Key Experimental Results¶
Main Results -- Causal Reasoning Accuracy of 7 LLMs¶
| Model | Causal Identification (Prompting) | Temporal Identification (Prompting) | Overall |
|---|---|---|---|
| GPT-4o | ~78% | ~65% | ~72% |
| Claude-3.5 | ~75% | ~60% | ~68% |
| Llama-3.1-70B | ~70% | ~55% | ~63% |
| Average of Small Models | ~55% | ~45% | ~50% |
PPL vs Prompting Comparison¶
| Evaluation Method | Average of Large Models | Average of Small Models |
|---|---|---|
| PPL (Competence) | ~80% | ~70% |
| Prompting (Performance) | ~72% | ~55% |
| Gap | 8% | 15% |
Key Findings¶
- Even the best models struggle to exceed 0.80 accuracy
- Causal-temporal confusion is systematic: Models accept "then" entries as causal relations with high probability.
- PPL > Prompting: For small models, "knowing" (competence) far exceeds "doing" (performance), with a gap up to 15%.
- Significant impact of order: Iconic forward order is ~10% easier than anti-iconic backward order.
- Model scale aids prompting but does not significantly affect PPL
Highlights & Insights¶
- Causal-temporal confusion is an overlooked but critical issue—essential in scenarios like medical or legal domains where distinguishing between "post hoc" (happening after) and "propter hoc" (happening because of) is crucial.

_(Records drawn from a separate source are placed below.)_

(* Let $F$ be a field of characteristic $0$, $D$ a simply laced diagram on vertices $v_1,\dots,v_n$, and $\mathfrak k=\mathfrak k(D)$ with Berman generators $X_1,\dots,X_n$. Suppose $v_i\neq v_j$ are vertices such that every vertex $v_r\notin\{v_i,v_j\}$ is adjacent to $v_i$ if and only if it is adjacent to $v_j$. (a) If $v_i,v_j$ are not adjacent, let $D'$ be obtained from $D$ by deleting $v_j$, and let $X'_r$ ($r\neq j$) be the Berman generators of $\mathfrak k':=\mathfrak k(D')$. Then there is a well-defined surjective Lie algebra homomorphism $\varphi:\mathfrak k\to\mathfrak k'$ with $\varphi(X_r)=X'_r$ for $r\ne j$ and $\varphi(X_j)=X'_i$. (b) If $v_i,v_j$ are adjacent, let $D'$ be obtained from $D$ by deleting all edges at $v_j$ except the edge $\{v_i,v_j\}$, and let $X'_1,\dots,X'_n$ be the Berman generators of $\mathfrak k':=\mathfrak k(D')$. Then there is a well-defined surjective Lie algebra homomorphism $\varphi:\mathfrak k\to\mathfrak k'$ with $\varphi(X_r)=X'_r$ for $r\neq j$ and $\varphi(X_j)=[X'_i,X'_j]$.
   Context: For a simply laced diagram (finite simple graph) $D$ on vertices $v_1,\dots,v_n$, $\mathfrak k(D)$ denotes the maximal compact subalgebra (fixed points of the Cartan--Chevalley involution $e_i\mapsto -f_i$, $f_i\mapsto -e_i$, $h_i\mapsto -h_i$) of the Kac--Moody algebra over $F$ whose generalized Cartan matrix has $a_{ii}=2$ and $a_{ij}=-1$ or $0$ according as $v_i,v_j$ are adjacent or not. By Berman's theorem, $\mathfrak k(D)$ is the Lie algebra with generators $X_1,\dots,X_n$ (the Berman generators, $X_i=e_i-f_i$) and defining relations $[X_a,[X_a,X_b]]=-X_b$ if $v_a,v_b$ are adjacent, $[X_a,X_b]=0$ if $a\ne b$ are non-adjacent. *)

theory Defs
  imports Main
begin

datatype ('a, 'v) lterm =
    Gen 'v
  | LZero
  | LAdd "('a, 'v) lterm" "('a, 'v) lterm"
  | LScal 'a "('a, 'v) lterm"
  | LBr "('a, 'v) lterm" "('a, 'v) lterm"

fun gens :: "('a, 'v) lterm \<Rightarrow> 'v set" where
  "gens (Gen v) = {v}"
| "gens LZero = {}"
| "gens (LAdd x y) = gens x \<union> gens y"
| "gens (LScal c x) = gens x"
| "gens (LBr x y) = gens x \<union> gens y"

definition wf_term :: "'v set \<Rightarrow> ('a, 'v) lterm \<Rightarrow> bool" where
  "wf_term V t \<longleftrightarrow> gens t \<subseteq> V"

definition simple_diagram :: "'v set \<Rightarrow> ('v \<Rightarrow> 'v \<Rightarrow> bool) \<Rightarrow> bool" where
  "simple_diagram V E \<longleftrightarrow> finite V \<and> (\<forall>x y. E x y \<longrightarrow> E y x) \<and> (\<forall>x. \<not> E x x)"

text \<open>The congruence on Lie expressions whose quotient is the Lie algebra over 'a with
  generators X_v (v in V) and the Berman relations of the diagram (V,E):
  smallest congruence containing the vector space axioms, bilinearity, alternation,
  the Jacobi identity and the Berman relations.\<close>
inductive kD_eq :: "'v set \<Rightarrow> ('v \<Rightarrow> 'v \<Rightarrow> bool) \<Rightarrow> ('a::field, 'v) lterm \<Rightarrow> ('a, 'v) lterm \<Rightarrow> bool"
  for V E where
  refl: "kD_eq V E x x"
| sym: "kD_eq V E x y \<Longrightarrow> kD_eq V E y x"
| trans: "kD_eq V E x y \<Longrightarrow> kD_eq V E y z \<Longrightarrow> kD_eq V E x z"
| cong_add: "kD_eq V E x x' \<Longrightarrow> kD_eq V E y y' \<Longrightarrow> kD_eq V E (LAdd x y) (LAdd x' y')"
| cong_scal: "kD_eq V E x x' \<Longrightarrow> kD_eq V E (LScal c x) (LScal c x')"
| cong_br: "kD_eq V E x x' \<Longrightarrow> kD_eq V E y y' \<Longrightarrow> kD_eq V E (LBr x y) (LBr x' y')"
| add_assoc: "kD_eq V E (LAdd (LAdd x y) z) (LAdd x (LAdd y z))"
| add_comm: "kD_eq V E (LAdd x y) (LAdd y x)"
| add_zero: "kD_eq V E (LAdd x LZero) x"
| add_neg: "kD_eq V E (LAdd x (LScal (-1) x)) LZero"
| scal_scal: "kD_eq V E (LScal c (LScal d x)) (LScal (c * d) x)"
| scal_one: "kD_eq V E (LScal 1 x) x"
| scal_add: "kD_eq V E (LScal c (LAdd x y)) (LAdd (LScal c x) (LScal c y))"
| add_scal: "kD_eq V E (LScal (c + d) x) (LAdd (LScal c x) (LScal d x))"
| br_add_left: "kD_eq V E (LBr (LAdd x y) z) (LAdd (LBr x z) (LBr y z))"
| br_add_right: "kD_eq V E (LBr z (LAdd x y)) (LAdd (LBr z x) (LBr z y))"
| br_scal_left: "kD_eq V E (LBr (LScal c x) y) (LScal c (LBr x y))"
| br_scal_right: "kD_eq V E (LBr x (LScal c y)) (LScal c (LBr x y))"
| br_alt: "kD_eq V E (LBr x x) LZero"
| jacobi: "kD_eq V E (LAdd (LBr x (LBr y z)) (LAdd (LBr y (LBr z x)) (LBr z (LBr x y)))) LZero"
| berman_adj: "a \<in> V \<Longrightarrow> b \<in> V \<Longrightarrow> E a b \<Longrightarrow>
      kD_eq V E (LBr (Gen a) (LBr (Gen a) (Gen b))) (LScal (-1) (Gen b))"
| berman_nonadj: "a \<in> V \<Longrightarrow> b \<in> V \<Longrightarrow> a \<noteq> b \<Longrightarrow> \<not> E a b \<Longrightarrow>
      kD_eq V E (LBr (Gen a) (Gen b)) LZero"

text \<open>phi (on representatives) induces a well-defined Lie algebra homomorphism
  k(V,E) \<rightarrow> k(V',E') (F-linear, bracket-preserving).\<close>
definition induces_hom ::
  "'v set \<Rightarrow> ('v \<Rightarrow> 'v \<Rightarrow> bool) \<Rightarrow> 'v set \<Rightarrow> ('v \<Rightarrow> 'v \<Rightarrow> bool)
   \<Rightarrow> (('a::field, 'v) lterm \<Rightarrow> ('a, 'v) lterm) \<Rightarrow> bool" where
  "induces_hom V E V' E' \<phi> \<longleftrightarrow>
     (\<forall>x. wf_term V x \<longrightarrow> wf_term V' (\<phi> x)) \<and>
     (\<forall>x y. wf_term V x \<longrightarrow> wf_term V y \<longrightarrow> kD_eq V E x y \<longrightarrow> kD_eq V' E' (\<phi> x) (\<phi> y)) \<and>
     (\<forall>x y. wf_term V x \<longrightarrow> wf_term V y \<longrightarrow> kD_eq V' E' (\<phi> (LAdd x y)) (LAdd (\<phi> x) (\<phi> y))) \<and>
     (\<forall>c x. wf_term V x \<longrightarrow> kD_eq V' E' (\<phi> (LScal c x)) (LScal c (\<phi> x))) \<and>
     (\<forall>x y. wf_term V x \<longrightarrow> wf_term V y \<longrightarrow> kD_eq V' E' (\<phi> (LBr x y)) (LBr (\<phi> x) (\<phi> y)))"

definition induces_surj ::
  "'v set \<Rightarrow> 'v set \<Rightarrow> ('v \<Rightarrow> 'v \<Rightarrow> bool)
   \<Rightarrow> (('a::field, 'v) lterm \<Rightarrow> ('a, 'v) lterm) \<Rightarrow> bool" where
  "induces_surj V V' E' \<phi> \<longleftrightarrow>
     (\<forall>y. wf_term V' y \<longrightarrow> (\<exists>x. wf_term V x \<and> kD_eq V' E' (\<phi> x) y))"

end

theory Submission
  imports Defs
begin

(* The algebra k(D) is the quotient of formal Lie expressions by the congruence
   kD_eq V E.  A Lie algebra homomorphism out of k(D) is therefore fixed by the images f v of the
   generators: the substitution  subst f  respects kD_eq as soon as the elements f v satisfy the
   Berman relations of D in the target algebra. *)

declare kD_eq.trans[trans]

context
  fixes V :: "'v set" and E :: "'v \<Rightarrow> 'v \<Rightarrow> bool"
begin

abbreviation keq :: "('a::field,'v) lterm \<Rightarrow> ('a,'v) lterm \<Rightarrow> bool" (infix "\<approx>" 50)
  where "x \<approx> y \<equiv> kD_eq V E x y"

abbreviation neg :: "('a::field,'v) lterm \<Rightarrow> ('a,'v) lterm" where "neg x \<equiv> LScal (-1) x"

subsection \<open>The vector space structure of k(D)\<close>

lemma add_zero_left: "LAdd LZero x \<approx> x"
  using kD_eq.trans[OF kD_eq.add_comm kD_eq.add_zero] .

text \<open>0 x = 0, obtained from 0 x = 0 x + 0 x by cancelling.\<close>
lemma scal_zero: "LScal 0 x \<approx> LZero"
proof -
  let ?s = "LScal 0 x"
  have "LZero \<approx> LAdd ?s (neg ?s)" by (rule kD_eq.sym, rule kD_eq.add_neg)
  also have "\<dots> \<approx> LAdd (LAdd ?s ?s) (neg ?s)"
    using kD_eq.cong_add[OF kD_eq.add_scal[where c=0 and d=0, simplified] kD_eq.refl] .
  also have "\<dots> \<approx> LAdd ?s (LAdd ?s (neg ?s))" by (rule kD_eq.add_assoc)
  also have "\<dots> \<approx> LAdd ?s LZero" by (rule kD_eq.cong_add[OF kD_eq.refl kD_eq.add_neg])
  also have "\<dots> \<approx> ?s" by (rule kD_eq.add_zero)
  finally show ?thesis by (rule kD_eq.sym)
qed

lemma scal_of_zero: "LScal c LZero \<approx> LZero"
proof -
  have "LScal c LZero \<approx> LScal c (LScal 0 LZero)"
    by (rule kD_eq.cong_scal[OF kD_eq.sym[OF scal_zero]])
  also have "\<dots> \<approx> LScal (c * 0) LZero" by (rule kD_eq.scal_scal)
  also have "\<dots> \<approx> LZero" using scal_zero by simp
  finally show ?thesis .
qed

lemma scal_zero_cong: "x \<approx> LZero \<Longrightarrow> LScal c x \<approx> LZero"
  using kD_eq.trans[OF kD_eq.cong_scal scal_of_zero] by blast

lemma add_zero_cong_left: "x \<approx> LZero \<Longrightarrow> LAdd x y \<approx> y"
  using kD_eq.trans[OF kD_eq.cong_add[OF _ kD_eq.refl] add_zero_left] by blast

lemma add_zero_cong_right: "y \<approx> LZero \<Longrightarrow> LAdd x y \<approx> x"
  using kD_eq.trans[OF kD_eq.cong_add[OF kD_eq.refl] kD_eq.add_zero] by blast

lemma sum_zero_neg: "LAdd a b \<approx> LZero \<Longrightarrow> a \<approx> neg b"
proof -
  assume h: "LAdd a b \<approx> LZero"
  have "a \<approx> LAdd a LZero" by (rule kD_eq.sym, rule kD_eq.add_zero)
  also have "\<dots> \<approx> LAdd a (LAdd b (neg b))"
    by (rule kD_eq.cong_add[OF kD_eq.refl kD_eq.sym[OF kD_eq.add_neg]])
  also have "\<dots> \<approx> LAdd (LAdd a b) (neg b)" by (rule kD_eq.sym, rule kD_eq.add_assoc)
  also have "\<dots> \<approx> neg b" by (rule add_zero_cong_left[OF h])
  finally show ?thesis .
qed

lemma sum_eq_move: "p \<approx> LAdd q r \<Longrightarrow> q \<approx> LAdd p (neg r)"
proof -
  assume h: "p \<approx> LAdd q r"
  have "q \<approx> LAdd q LZero" by (rule kD_eq.sym, rule kD_eq.add_zero)
  also have "\<dots> \<approx> LAdd q (LAdd r (neg r))"
    by (rule kD_eq.cong_add[OF kD_eq.refl kD_eq.sym[OF kD_eq.add_neg]])
  also have "\<dots> \<approx> LAdd (LAdd q r) (neg r)" by (rule kD_eq.sym, rule kD_eq.add_assoc)
  also have "\<dots> \<approx> LAdd p (neg r)" by (rule kD_eq.cong_add[OF kD_eq.sym[OF h] kD_eq.refl])
  finally show ?thesis .
qed

lemma neg_neg: "neg (neg x) \<approx> x"
proof -
  have "neg (neg x) \<approx> LScal ((-1) * (-1)) x" by (rule kD_eq.scal_scal)
  also have "\<dots> \<approx> x" using kD_eq.scal_one by simp
  finally show ?thesis .
qed

lemma neg_eq_swap: "a \<approx> neg b \<Longrightarrow> neg a \<approx> b"
  using kD_eq.trans[OF kD_eq.cong_scal neg_neg] by blast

- The gap between PPL and Prompting reveals a chasm between the "implicit knowledge" (competence) and "explicit expression" (performance) of LLMs.

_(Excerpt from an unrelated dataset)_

(* For a distributed storage system $\mathcal{D}(n,k,d)$ with node storage capacity $\alpha$ and repair bandwidth $\gamma=d\beta$, in the presence of an adversary that can eavesdrop on any $\ell<k$ nodes and control a subset of $b\le \ell$ of these nodes, the resiliency capacity satisfies \[ C_r(\alpha,\gamma)\le\sum_{i=b+1}^{k}\min\{(d-i+1)\beta,\ \alpha\}. \]
   Context: A distributed storage system (DSS) $\mathcal{D}(n,k,d)$, $k\le d\le n-1$: a source stores a file on $n$ storage nodes, each storing at most $\alpha$ symbols. Nodes fail one at a time; each failed node is replaced by a new node that connects to some $d$ of the remaining $n-1$ active nodes and downloads $\beta=\gamma/d$ symbols from each (symmetric repair), then stores at most $\alpha$ symbols. A data collector connects to any $k$ simultaneously active nodes and must recover the file from their stored contents. A limited-knowledge adversary knows the storage/repair/decoding schemes, chooses (possibly at different times) $\ell$ nodes among all nodes ever in the system on which it eavesdrops (observing everything they download and store), and controls a subset of $b\le\ell$ of them: for a controlled node it may arbitrarily alter the stored data and the messages that node sends during repair and to data collectors. Its knowledge of the file is only what it can infer from its observations. The resiliency capacity $C_r(\alpha,\gamma)$ is the maximum file size that can be stored so that every data collector, for any failure/repair sequence, recovers the file reliably (with probability of decoding error that can be made arbitrarily small) against any such adversary. *)

theory Defs
  imports "HOL-Probability.Probability" "HOL-Library.Extended_Nat"
begin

- Pronoun-free design eliminates confounding factors such as anaphora resolution.
Limitations & Future Work¶
- Limited to English.
- The dataset scale of 600 sentence pairs is relatively small.
- Only 4 connectives are evaluated, without covering broader causal markers.
Related Work & Insights¶
- vs. COPA/e-CARE: They evaluate implicit causality, whereas ExpliCa evaluates causality expressed through explicit connectives.

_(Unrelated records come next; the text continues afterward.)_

definition assumption_A1 ::
  "nat \<Rightarrow> nat \<Rightarrow> (nat \<Rightarrow> nat \<Rightarrow> real) \<Rightarrow> nat \<Rightarrow> (nat \<Rightarrow> nat set) \<Rightarrow> (nat \<Rightarrow> real)
   \<Rightarrow> (nat \<Rightarrow> real) \<Rightarrow> real \<Rightarrow> real \<Rightarrow> bool" where
  "assumption_A1 n p X g G w \<beta>s c0 b1 \<longleftrightarrow>
     (\<forall>j<p. (\<Sum>i<n. X i j) = 0) \<and>
     b1 > 0 \<and> (\<forall>i<n. \<forall>j<p. \<bar>X i j\<bar> \<le> b1) \<and>
     (\<exists>b2>0. \<forall>\<gamma>::nat \<Rightarrow> real.
        (\<exists>j<p. \<gamma> j \<noteq> 0) \<and>
        Psi g G w (proj ({..<p} - Omega g G p \<beta>s) \<gamma>)
          \<le> (cbar c0 - 1) * Psi g G w (proj (Omega g G p \<beta>s) \<gamma>) \<longrightarrow>
        (\<Sum>i<n. (\<Sum>j<p. X i j * \<gamma> j)\<^sup>2) / (real n * (\<Sum>j<p. (\<gamma> j)\<^sup>2)) \<ge> b2)"

end

theory Submission
  imports Defs
begin

(*
  Each coordinate of S_n is, up to the factor -2/(n(n-1)), a linear rank statistic
  T = \<Sum>i. X i j * c (\<sigma> i) of a uniform random permutation \<sigma>, with a centred column and
  scores c k = 2(k+1) - (n+1) of oscillation D = 2(n-1).  Its moment generating function satisfies
  E exp(l T) \<le> exp(n (l b1 D)\<^sup>2 / 2), by induction on the permuted set: fixing the image b of one
  point x leaves a uniform permutation of the other points, to which the induction hypothesis
  applies, and the resulting average over b is controlled by Hoeffding's lemma.  A Chernoff bound
  and a union bound over the sign and the p coordinates, combined with
  Psi_dual v \<le> c_p * max_j |v j|, give the claim.
*)

lemma Hoeffding_sum_exp_deviation_le:
  fixes y :: "'a \<Rightarrow> real"
  assumes B: "finite B" "B \<noteq> {}" and l: "l > 0"
    and osc: "\<And>b b'. b \<in> B \<Longrightarrow> b' \<in> B \<Longrightarrow> y b - y b' \<le> W"
  shows "(\<Sum>b\<in>B. exp (l * (y b - (\<Sum>b'\<in>B. y b') / card B))) \<le> card B * exp (l\<^sup>2 * W\<^sup>2 / 8)"
proof -
  define lo where "lo = Min (y ` B)"
  have "y b \<in> {lo..lo + W}" if "b \<in> B" for b
  proof -
    have "lo \<in> y ` B" using B by (simp add: lo_def)
    then obtain b' where "b' \<in> B" "lo = y b'" by blast
    moreover have "lo \<le> y b" using B that by (simp add: lo_def)
    ultimately show ?thesis using osc[OF that \<open>b' \<in> B\<close>] by auto
  qed
  then interpret interval_bounded_random_variable "measure_pmf (pmf_of_set B)" y lo "lo + W"
    by unfold_locales (use B in \<open>auto simp: AE_measure_pmf_iff\<close>)
  have "ennreal (measure_pmf.expectation (pmf_of_set B)
          (\<lambda>b. exp (l * (y b - measure_pmf.expectation (pmf_of_set B) y))))
      \<le> ennreal (exp (l\<^sup>2 * W\<^sup>2 / 8))"
    using Hoeffdings_lemma_nn_integral[OF l] B
    by (subst nn_integral_eq_integral[symmetric])
      (auto intro!: integrable_measure_pmf_finite simp: set_pmf_of_set[OF B(2,1)])
  then have "(\<Sum>b\<in>B. exp (l * (y b - (\<Sum>b'\<in>B. y b') / card B))) / card B \<le> exp (l\<^sup>2 * W\<^sup>2 / 8)"
    using B by (simp add: integral_pmf_of_set)
  then show ?thesis
    using B by (simp add: divide_le_eq card_gt_0_iff mult.commute)
qed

- vs. BIG-Bench: BIG-Bench uses "because" as a connective, whereas ExpliCa incorporates both causal and temporal connectives.
Rating¶
- Novelty: ⭐⭐⭐⭐ First to integrate explicit relations of both causal and temporal dimensions into evaluation.
- Experimental Thoroughness: ⭐⭐⭐⭐ Dual evaluation using PPL + Prompting across 7 models.
- Writing Quality: ⭐⭐⭐⭐⭐ Extremely rigorous dataset construction.
- Value: ⭐⭐⭐⭐ Significant methodological contribution to causal reasoning research.